Physiological phenotyping will not pick up many diseases such as lung cancer and most serological screens are not of diagnostic value until a large mass of the organ is abnormal. In mice, pulmonary adenomas are relatively common and increase in frequency as mice age, as we show here. Pulmonary function tests may not detect effects due to small tumors so these lesions will only be identified at the time of necropsy and more often as incidental findings when the pathologist reviews the slides. Even in the current study where at least four sections of lung were routinely examined histologically, it is likely that not all pulmonary adenomas were found. However, enough were found consistently to enable haplotype association mapping to identify the major genes involved in this disease (A. Berndt and J.P. Sundberg, manuscript in preparation).

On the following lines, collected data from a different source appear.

text \<open>Hilbert metric of a convex open set C (in an affine chart):
  log(|x-b||y-a| / (|x-a||y-b|)) with a, b the endpoints of the chord through x, y
  (order a, x, y, b); a ratio involving an endpoint at infinity equals 1.\<close>
definition hilbert_dist :: "('a::euclidean_space) set \<Rightarrow> 'a \<Rightarrow> 'a \<Rightarrow> real" where
  "hilbert_dist C x y =
    (if x = y then 0 else
     (let I = {s::real. x + s *\<^sub>R (y - x) \<in> C};
          ra = (if bdd_below I then
                  (let a = x + Inf I *\<^sub>R (y - x) in dist y a / dist x a) else 1);
          rb = (if bdd_above I then
                  (let b = x + Sup I *\<^sub>R (y - x) in dist x b / dist y b) else 1)
      in ln (ra * rb)))"

end

theory Submission
  imports Defs
begin

text \<open>By equivariance, \<open>S\<^sub>i (t g x) = t \<tau>(g) S\<^sub>i x\<close>, and \<open>\<tau>(g)\<close> together with positive scaling
  are isometries of the Hilbert metric of \<open>C\<^sub>2\<close>. By cocompactness every \<open>x \<in> C\<^sub>1\<close> is moved this way
  into a fixed compact set \<open>K \<subseteq> C\<^sub>1\<close>, so it suffices to bound the Hilbert distance on the compact
  set \<open>S\<^sub>1 K \<union> S\<^sub>2 K \<subseteq> C\<^sub>2\<close>; there it is controlled by the Euclidean diameter and the distance
  to the boundary.\<close>

definition chord_params :: "('a::euclidean_space) set \<Rightarrow> 'a \<Rightarrow> 'a \<Rightarrow> real set" where
  "chord_params C x y = {s. x + s *\<^sub>R (y - x) \<in> C}"

text \<open>The two factors of the cross ratio, with the chord endpoints given by their parameters
  \<open>Inf I < 0 < 1 < Sup I\<close>.\<close>

definition lower_chord_ratio :: "real set \<Rightarrow> real" where
  "lower_chord_ratio I = (if bdd_below I then \<bar>1 - Inf I\<bar> / \<bar>Inf I\<bar> else 1)"

definition upper_chord_ratio :: "real set \<Rightarrow> real" where
  "upper_chord_ratio I = (if bdd_above I then \<bar>Sup I\<bar> / \<bar>Sup I - 1\<bar> else 1)"

lemma dist_start_point_line:
  fixes x y :: "'a::real_normed_vector"
  shows "dist x (x + t *\<^sub>R (y - x)) = \<bar>t\<bar> * dist x y"
  by (simp add: dist_norm norm_minus_commute)

lemma dist_end_point_line:
  fixes x y :: "'a::real_normed_vector"
  shows "dist y (x + t *\<^sub>R (y - x)) = \<bar>1 - t\<bar> * dist x y"
proof -
  have "y - (x + t *\<^sub>R (y - x)) = (1 - t) *\<^sub>R (y - x)" by (simp add: algebra_simps)
  thus ?thesis by (simp add: dist_norm norm_minus_commute)
qed

lemma hilbert_dist_chord:
  fixes x y :: "'a::euclidean_space"
  assumes "x \<noteq> y"
  shows "hilbert_dist C x y =
    ln (lower_chord_ratio (chord_params C x y) * upper_chord_ratio (chord_params C x y))"
  using assms
  by (simp add: hilbert_dist_def lower_chord_ratio_def upper_chord_ratio_def chord_params_def
      Let_def dist_start_point_line dist_end_point_line abs_minus_commute[of "Sup _" 1])

lemma hilbert_dist_linear_image:
  fixes f :: "'a::euclidean_space \<Rightarrow> 'b::euclidean_space"
  assumes "linear f" and "inj f" and preserves: "\<And>z. f z \<in> C' \<longleftrightarrow> z \<in> C"
  shows "hilbert_dist C' (f x) (f y) = hilbert_dist C x y"
proof (cases "x = y")
  case True
  thus ?thesis by (simp add: hilbert_dist_def)
next
  case False
  with \<open>inj f\<close> have "f x \<noteq> f y" by (meson injD)
  have "f x + s *\<^sub>R (f y - f x) = f (x + s *\<^sub>R (y - x))" for s
    using \<open>linear f\<close> by (simp add: linear_add linear_diff linear_scale)
  hence "chord_params C' (f x) (f y) = chord_params C x y"
    by (simp add: chord_params_def preserves)
  thus ?thesis using False \<open>f x \<noteq> f y\<close> by (simp add: hilbert_dist_chord)
qed

lemma hilbert_dist_scaleR:
  fixes C :: "'a::euclidean_space set"
  assumes cone: "\<forall>x\<in>C. \<forall>t>0. t *\<^sub>R x \<in> C" and "t > 0"
  shows "hilbert_dist C (t *\<^sub>R x) (t *\<^sub>R y) = hilbert_dist C x y"
proof (rule hilbert_dist_linear_image[OF linear_scaleR])
  show "inj (scaleR t :: 'a \<Rightarrow> 'a)" using \<open>t > 0\<close> by (auto intro: injI)
  fix z
  show "t *\<^sub>R z \<in> C \<longleftrightarrow> z \<in> C"
  proof
    assume "t *\<^sub>R z \<in> C"
    moreover have "1 / t > 0" using \<open>t > 0\<close> by simp
    ultimately have "(1 / t) *\<^sub>R (t *\<^sub>R z) \<in> C" using cone by blast
    thus "z \<in> C" using \<open>t > 0\<close> by simp
  qed (use cone \<open>t > 0\<close> in simp)
qed
fun mgfi_trunc_pow :: "real \<Rightarrow> real \<Rightarrow> real \<Rightarrow> nat \<Rightarrow> nat \<Rightarrow> nat \<Rightarrow> nat \<Rightarrow> real" where
  "mgfi_trunc_pow \<beta> \<theta> \<gamma> N 0 n m = (if n = m then 1 else 0)"
| "mgfi_trunc_pow \<beta> \<theta> \<gamma> N (Suc k) n m =
     (\<Sum>l = 1..N. mgfi_trunc_pow \<beta> \<theta> \<gamma> N k n l * mgfi_kernel \<beta> \<theta> \<gamma> l m)"

definition mgfi_trunc_exp :: "real \<Rightarrow> real \<Rightarrow> real \<Rightarrow> nat \<Rightarrow> real \<Rightarrow> nat \<Rightarrow> nat \<Rightarrow> real" where
  "mgfi_trunc_exp \<beta> \<theta> \<gamma> N t n m =
     (\<Sum>k. t ^ k / fact k * mgfi_trunc_pow \<beta> \<theta> \<gamma> N k n m)"

text \<open>First moment semigroup e^{tL}: the minimal semigroup generated by L, obtained as
  the (monotone) limit of the truncated semigroups as N \<rightarrow> \<infinity>.\<close>
definition mgfi_semigroup :: "real \<Rightarrow> real \<Rightarrow> real \<Rightarrow> real \<Rightarrow> nat \<Rightarrow> nat \<Rightarrow> real" where
  "mgfi_semigroup \<beta> \<theta> \<gamma> t n m = lim (\<lambda>N. mgfi_trunc_exp \<beta> \<theta> \<gamma> N t n m)"

definition is_perron_root :: "real \<Rightarrow> real \<Rightarrow> real \<Rightarrow> real \<Rightarrow> bool" where
  "is_perron_root \<beta> \<theta> \<gamma> lam \<longleftrightarrow>
     (\<exists>h :: nat \<Rightarrow> real. (\<exists>c C. 0 < c \<and> (\<forall>n\<ge>1. c \<le> h n \<and> h n \<le> C))
        \<and> (\<forall>n\<ge>1. mgfi_gen \<beta> \<theta> \<gamma> h n = lam * h n))
   \<and> (\<exists>\<pi> :: nat \<Rightarrow> real. (\<forall>n\<ge>1. 0 < \<pi> n) \<and> (\<pi> has_sum 1) {1..}
        \<and> (\<forall>t\<ge>0. \<forall>m\<ge>1.
              ((\<lambda>n. \<pi> n * mgfi_semigroup \<beta> \<theta> \<gamma> t n m) has_sum (exp (lam * t) * \<pi> m)) {1..}))"

end

theory Submission
  imports Defs
begin

(* Changing the detection rate from theta to theta' adds (theta' - theta) (n - 1) h n to the
   generator, so a positive eigenfunction h with eigenvalue lam satisfies
   L_crit h n = (lam - (gamma - theta) (n - 1)) h n for the critical generator L_crit = L with
   theta = gamma.  L_crit obeys a minimum principle: a function bounded below with L_crit h <= 0
   is minimal at n = 1.  Indeed, a cluster of size n >= 2 splits off a singleton at rate
   gamma n / 2, a fixed fraction of its total fragmentation rate gamma (n - 1); at a near-minimiser
   n of h this term is pushed up by h 1 - inf h, and L_crit h n <= 0 then forces h (n + 1) below
   the infimum.  By linearity L_crit also obeys a maximum principle.
   If lam <= 0 and theta <= gamma, then h is minimal at 1, the eigenvalue equation at n = 1,
   beta (h 2 - h 1) = lam h 1, gives lam = 0 and h 2 = h 1, and the one at n = 2 becomes
   2 beta (h 3 - h 1) = (theta - gamma) h 1, so theta = gamma.  The case lam >= 0, theta >= gamma
   is symmetric, and together the two cases settle the sign of lam. *)

lemma sum_inverse_consecutive_products:
  "(\<Sum>j = 1..k. 1 / (real j * (real j + 1))) = real k / (real k + 1)"
proof (induction k)
  case (Suc k)
  have "(\<Sum>j = 1..Suc k. 1 / (real j * (real j + 1)))
      = real k / (real k + 1) + 1 / ((real k + 1) * (real k + 2))"
    using Suc.IH by (simp add: add_ac)
  also have "\<dots> = real (Suc k) / (real (Suc k) + 1)"
  proof -
    have "real k + 1 > 0" "real k + 2 > 0" by linarith+
    then show ?thesis by (simp add: divide_simps) (simp add: algebra_simps)
  qed
  finally show ?case .
qed simp
(* Consider the planar random motion $(X(t),Y(t))$ defined in the context, driven by a homogeneous Poisson process $N(t)$ of rate $\lambda>0$ with speed $c>0$. For $t>0$, conditionally on the event $\{N(t)\text{ is even}\}$, the law of $(X(t),Y(t))$ restricted to the open disk $\{x^2+y^2<c^2t^2\}$ has density $$\frac{\lambda}{2\pi c}\,\frac{1}{\cosh(\lambda t)}\,\frac{\sinh\left(\frac{\lambda}{c}\sqrt{c^2t^2-(x^2+y^2)}\right)}{\sqrt{c^2t^2-(x^2+y^2)}},$$ whose integral over the disk equals $1-\frac{1}{\cosh(\lambda t)}$; the remaining mass $\frac{1}{\cosh(\lambda t)}$ lies on the circle $x^2+y^2=c^2t^2$.
   Context: The planar random motion: a particle starts at the origin and moves at constant speed $c$ in a direction uniformly distributed on $[0,2\pi)$; at each event of $N(t)$ it takes a new direction, uniform on $[0,2\pi)$ and independent of everything else. It is known (Kolesnik–Orsingher) that for every $n\ge1$, conditionally on $N(t)=n$, $(X(t),Y(t))$ has density $\frac{n}{2\pi(ct)^n}\,[c^2t^2-(x^2+y^2)]^{\frac n2-1}$ on the open disk $x^2+y^2<c^2t^2$, while conditionally on $N(t)=0$ it lies on the circle $x^2+y^2=c^2t^2$. *)

theory Defs
  imports "HOL-Probability.Probability"
begin

definition open_disk :: "real \<Rightarrow> real \<Rightarrow> (real \<times> real) set" where
  "open_disk c t = {p. (fst p)\<^sup>2 + (snd p)\<^sup>2 < (c * t)\<^sup>2}"

definition circle :: "real \<Rightarrow> real \<Rightarrow> (real \<times> real) set" where
  "circle c t = {p. (fst p)\<^sup>2 + (snd p)\<^sup>2 = (c * t)\<^sup>2}"

text \<open>Kolesnik--Orsingher conditional density given N(t) = n (n \<ge> 1), on the open disk.\<close>
definition ko_density :: "nat \<Rightarrow> real \<Rightarrow> real \<Rightarrow> real \<times> real \<Rightarrow> real" where
  "ko_density n c t p =
     real n / (2 * pi * (c * t) ^ n) *
     ((c * t)\<^sup>2 - ((fst p)\<^sup>2 + (snd p)\<^sup>2)) powr (real n / 2 - 1)"

definition even_density :: "real \<Rightarrow> real \<Rightarrow> real \<Rightarrow> real \<times> real \<Rightarrow> real" where
  "even_density l c t p =
     l / (2 * pi * c) * (1 / cosh (l * t)) *
     (sinh (l / c * sqrt ((c * t)\<^sup>2 - ((fst p)\<^sup>2 + (snd p)\<^sup>2))) /
      sqrt ((c * t)\<^sup>2 - ((fst p)\<^sup>2 + (snd p)\<^sup>2)))"

end

theory Submission
  imports Defs
begin

text \<open>Given N(t) = n \<ge> 1 the position has the Kolesnik--Orsingher density, and given
N(t) = 0 it lies on the circle. Conditionally on N(t) being even, the density on the disk is
therefore the mixture of the densities for even n \<ge> 2 with weights
(\<lambda>t)^n / (n! cosh \<lambda>t); by the odd-power series of sinh this mixture is the stated density,
and monotone convergence exchanges sum and integral. The remaining even value n = 0 has
probability exp(-\<lambda>t) out of P(N(t) even) = exp(-\<lambda>t) cosh \<lambda>t, all of it on the circle.\<close>

definition even_poisson_pmf :: "real \<Rightarrow> nat \<Rightarrow> real" where
  "even_poisson_pmf a n = (if even n then a ^ n / fact n / cosh a else 0)"

lemma even_poisson_pmf_nonneg: "even_poisson_pmf a n \<ge> 0"
  by (simp add: even_poisson_pmf_def cosh_real_pos zero_le_even_power)

lemma sums_even_poisson_pmf: "even_poisson_pmf a sums 1"
proof -
  have "(\<lambda>n. (if even n then a ^ n /\<^sub>R fact n else 0) / cosh a) sums (cosh a / cosh a)"
    by (intro sums_divide cosh_converges)
  moreover have "(\<lambda>n. (if even n then a ^ n /\<^sub>R fact n else 0) / cosh a) = even_poisson_pmf a"
    by (auto simp: fun_eq_iff even_poisson_pmf_def divide_inverse mult.commute)
  moreover have "cosh a / cosh a = 1"
    using cosh_real_pos[of a] by simp
  ultimately show ?thesis by simp
qed

lemma poisson_weight_eq_even_poisson_pmf:
  "even n \<Longrightarrow> exp (- a) * a ^ n / fact n = exp (- a) * cosh a * even_poisson_pmf a n"
  by (simp add: even_poisson_pmf_def cosh_real_pos[THEN less_imp_neq, symmetric])

lemma ko_density_nonneg: "c > 0 \<Longrightarrow> t > 0 \<Longrightarrow> ko_density n c t p \<ge> 0"
  by (simp add: ko_density_def)

lemma ko_density_0: "ko_density 0 c t p = 0"
  by (simp add: ko_density_def)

Histopathology, when done correctly, covers more tissues more completely than physiological data thereby increasing the likelihood of finding a definitive phenotype that can be used successfully to obtain genetic linkages. More importantly, direct correlation can be made to homologous human diseases in most cases even without any physiological data.

Although large volumes of data have been published on age-associated lesions in mice with or without correlation to humans, some are incorrect due to the lack of pathology expertise of the investigators. For example, teratomas (53, 54) and sebaceous gland tumors (55) were reported in aging genetically engineered mice supposedly due to the induced mutation. These, however, were actually common normal ‘aging changes’ of the the preputial and clitoral glands, organs found in mice but not humans, affecting all strains in the current study (51). Foreign body periodontitis due to hair shaft impaction around the incisors and especially the molars has been associated with ulcerative dermatitis in C57BL/6 strains and hybrids (56). This actually is found in almost all mice regardless of their hair coat (50, 57) and was found commonly in the B6 and related strains in this aging study in mice with no evidence of alopecia. Many other examples are depressingly abundant in the literature (58).

The data obtained from this study provide a broad overview of the types and variety of lesions seen in mice at various ages and identify many new disease models that will be useful for understanding the pathophysiology of disease in humans and other mammals, especially as they age. The raw data (physiological phenotyping measurements, photomicrographs, etc.) are now available and searchable online from MTB, MPD, and Pathbase. More detailed datasets and tissue samples (paraffin blocks and glass slides) are available through collaboration. Further studies are planned for the future which makes strain comparisons for histopathology of aging a work in progress.